The Student Services & Learning Resources Center | As the other half of the campus core development, this 55,000-square-foot facility brings together key student support services such as admissions and records, financial aid, counseling and tutoring, along with a library, classrooms, offices, and other campus services.
The Central Heating & Cooling Plant | Tucked into the earth, the Plant’s 6,000 square feet of usable roof area provides an optimal area for plantings that (1) are used by instructional programs, and (2) support the campus’ initiative for biodiversity.
This central focal point of outdoor space, the Campus Core, resides between the mirrored building structures described above:
The Main Plaza | Welcoming and directing new students, faculty and visitors, this primary pedestrian area anchors the permanent facilities and directs pedestrian circulation to each building.

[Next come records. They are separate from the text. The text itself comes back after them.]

(* Let $Y$, $\nu$, $\nu'$, $d(\cdot,x,n)$ be as in the context, and put $b_k=\log A_k$. Then: 1) For $\nu'$-almost every $x\in Y$, $$\liminf_{n\to\infty}d(\nu,x,n)=\liminf_{n\to\infty}\frac{\sum_{k=1}^n x_k}{\sum_{k=1}^n b_k},\qquad \limsup_{n\to\infty}d(\nu,x,n)=\limsup_{n\to\infty}\frac{\sum_{k=1}^n x_k}{\sum_{k=1}^n b_k},$$ where $x_k=-p_k'\log p_k-(1-p_k')\log(1-p_k)$. 2) For $\nu'$-almost every $x\in\operatorname{supp}(\nu')\subset Y$, $$\liminf_{n\to\infty}d(\nu',x,n)=\liminf_{n\to\infty}\frac{\sum_{k=1}^n y_k}{\sum_{k=1}^n b_k},\qquad \limsup_{n\to\infty}d(\nu',x,n)=\limsup_{n\to\infty}\frac{\sum_{k=1}^n y_k}{\sum_{k=1}^n b_k},$$ where $y_k=-p_k'\log p_k'-(1-p_k')\log(1-p_k')$ (with $0\log0=0$).
   Context: Let $\mathcal A=\{0,1\}$. Let $(A_n)_{n\ge1}$ be real numbers with $A_n\ge2$. Define closed intervals $I_w$, $w\in\mathcal A^n$: $I_\emptyset=[0,1]$, and for $w\in\mathcal A^{n-1}$ with $I_w=[x_w,x_w+\ell]$, $I_{w0}=[x_w,x_w+\ell/A_n]$, $I_{w1}=[x_w+\ell-\ell/A_n,x_w+\ell]$. Let $Y=\bigcap_n\bigcup_{w\in\mathcal A^n}I_w$. Fix $0<a\le b<1$ and $(p_n)_{n\ge1}$ with $a\le p_n\le b$; let $\nu$ be the Borel probability measure with $\nu(I_\emptyset)=1$, $\nu(I_{w0})=p_n\nu(I_w)$, $\nu(I_{w1})=(1-p_n)\nu(I_w)$ for $w\in\mathcal A^{n-1}$ (so $\operatorname{supp}\nu=Y$). Given another sequence $(p_n')_{n\ge1}$ with $0\le p_n'\le1$, let $\nu'$ be the measure constructed in the same way with $p_n'$ in place of $p_n$. For $x\in Y$ and $n\ge1$, $I_n(x)$ denotes a level-$n$ interval $I_w$, $w\in\mathcal A^n$, containing $x$ (chosen consistently along the coding of $x$), and for a measure $\eta$, $d(\eta,x,n)=\frac{\log\eta(I_n(x))}{\log|I_n(x)|}$. *)

theory Defs
  imports "HOL-Probability.Probability"
begin

text \<open>Points of Y are represented by their codings \<omega> :: nat \<Rightarrow> bool, where
  \<omega> k (k \<ge> 1) is the k-th digit: False = digit 0, True = digit 1.  Coordinate 0 is unused.\<close>

fun Ilen :: "(nat \<Rightarrow> real) \<Rightarrow> nat \<Rightarrow> real" where
  "Ilen A 0 = 1"
| "Ilen A (Suc n) = Ilen A n / A (Suc n)"
text \<open>The rotation replaces the path edge \<open>{Q!i, Q!Suc i}\<close> by \<open>{Q!i, last Q}\<close>, and both
  \<open>Q!Suc i\<close> and \<open>last Q\<close> lie in \<open>S\<close>.\<close>
lemma path_deg_H_rotate_at:
  assumes Q: "rotated Q" and i: "Suc i < length Q - 1" "E (last Q) (Q ! i)"
    and succ_S: "Q ! Suc i \<in> S" and v: "v \<notin> S"
  shows "path_deg_H (rotate_at Q i) v = path_deg_H Q v"
proof -
  define R where "R = list_edges (take (Suc i) Q) \<union> list_edges (drop (Suc i) Q)"
  define y y' e where "y = Q ! i" and "y' = Q ! Suc i" and "e = last Q"
  have edges: "list_edges Q = R \<union> {{y, y'}}" "list_edges (rotate_at Q i) = R \<union> {{y, e}}"
    using list_edges_rotate_at[OF i(1)] unfolding R_def y_def y'_def e_def by simp_all
  have fresh: "{y, y'} \<notin> R" "{y, e} \<notin> R"
    using list_edges_rotate_at_exchanged[OF rotated_distinct[OF Q] i(1)]
    unfolding R_def y_def y'_def e_def by simp_all
  have "e \<in> S" using Q unfolding e_def by (auto simp: S_iff)
  have "y' \<in> S" using succ_S unfolding y'_def .
  show ?thesis
  proof (cases "v = y")
    case False
    then have "{u \<in> H. {u, v} \<in> list_edges (rotate_at Q i)} = {u \<in> H. {u, v} \<in> list_edges Q}"
      using v \<open>e \<in> S\<close> \<open>y' \<in> S\<close> edges by (auto simp: doubleton_eq_iff)
    then show ?thesis by (simp add: path_deg_H_def)
  next
    case True
    define B where "B = {u \<in> H. {u, y} \<in> R}"
    have "finite B" using finite_H by (auto simp: B_def)
    moreover have "{u \<in> H. {u, v} \<in> list_edges Q} = insert y' B"
      "{u \<in> H. {u, v} \<in> list_edges (rotate_at Q i)} = insert e B"
      using True edges \<open>e \<in> S\<close> \<open>y' \<in> S\<close> by (auto simp: B_def doubleton_eq_iff)
    moreover have "y' \<notin> B" "e \<notin> B" using fresh by (auto simp: B_def insert_commute)
    ultimately show ?thesis by (simp add: path_deg_H_def)
  qed
qed

lemma path_deg_H_invariant:
  assumes "rotated Q" "v \<notin> S"
  shows "path_deg_H Q v = path_deg_H P v"
  using assms(1)
proof induction
  case (step Q Q')
  then obtain i where i: "Suc i < length Q - 1" "E (last Q) (Q ! i)" "Q' = rotate_at Q i"
    by (auto simp: rotation_iff_rotate_at)
  have "rotated Q'" using step.hyps by (meson rtranclp.rtrancl_into_rtrancl)
  then have "Q ! Suc i \<in> S" using i(3) last_rotate_at[OF i(1)] by (metis S_iff)
  then show ?case using path_deg_H_rotate_at[OF step.hyps(1) i(1,2) _ assms(2)] step.IH i(3) by simp
qed simp

lemma one_le_path_deg_H_iff: "1 \<le> path_deg_H Q v \<longleftrightarrow> (\<exists>u\<in>H. {u, v} \<in> list_edges Q)"
proof -
  have "finite {u \<in> H. {u, v} \<in> list_edges Q}" using finite_H by simp
  then show ?thesis by (auto simp: path_deg_H_def Suc_le_eq card_gt_0_iff)
qed

text \<open>On a rotated path ending at a neighbour \<open>s\<close> of \<open>t\<close>, either \<open>t\<close> precedes \<open>s\<close>
  or rotating at \<open>t\<close> shows that its successor is in \<open>S\<close>; invariance transfers this back to \<open>P\<close>.\<close>
lemma one_le_path_deg_H_T:
  assumes "t \<in> T"
  shows "1 \<le> path_deg_H P t"
proof -
  obtain s where s: "s \<in> S" "E s t" using assms by (auto simp: T_iff)
  then obtain Q where Q: "rotated Q" "last Q = s" by (auto simp: S_iff)
  have "E (last Q) t" using s Q(2) by simp
  have "\<exists>u\<in>H. {u, t} \<in> list_edges Q"
  proof (cases "t = Q ! (length Q - 2)")
    case True
    then have "{last Q, t} \<in> list_edges Q" using rotated_last_edge_iff[OF Q(1)] by simp
    then show ?thesis using s(1) Q(2) by blast
  next
    case False
    then obtain i where "Suc i < length Q - 1" "Q ! i = t" "Q ! Suc i \<in> S"
      using rotate_at_neighbour_of_last[OF Q(1) \<open>E (last Q) t\<close>] by blast
    then have "{Q ! Suc i, t} \<in> list_edges Q"
      using list_edges_nthI[of i Q] by (simp add: insert_commute)
    then show ?thesis using \<open>Q ! Suc i \<in> S\<close> by blast
  qed
  then have "1 \<le> path_deg_H Q t" by (simp only: one_le_path_deg_H_iff)
  moreover have "t \<notin> S" using assms by (simp add: T_iff)
  ultimately show ?thesis using path_deg_H_invariant[OF Q(1)] by simp
qed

The Main Plaza’s design also creates a visual balance for the site and provides first-time users with a clear and understandable order of hierarchy among the campus’ structures.
The Outdoor Amphitheater | Since its inception, the campus has remained committed to providing students and the larger community with a venue for a variety of outdoor activities, such as a popular “Star Party” as well as Movie Night events. The outside space provides seating for 200+ students and/or spectators, and its placement along the campus’ compositional axis allows the Amphitheater to complete the Main Plaza in shaping the campus’ entryway view. The Amphitheater, which was constructed prior to the pandemic, served as a veritable lifeline for the campus and students during the lockdown as it allowed the campus to more rapidly implement critical outdoor educational opportunities to minimize educational disruption.
The Upper Plaza | The Upper Plaza counterbalances the Main Plaza’s energy and activity by offering students, faculty, and guests shaded, cool and quiet gathering opportunities under its extensive canopy of evergreen foliage, which also offers shelter from the prevailing winds during the winter months. This green space connects the outdoor pedestrian context to the surrounding academic structures in a cohesive and functional manner.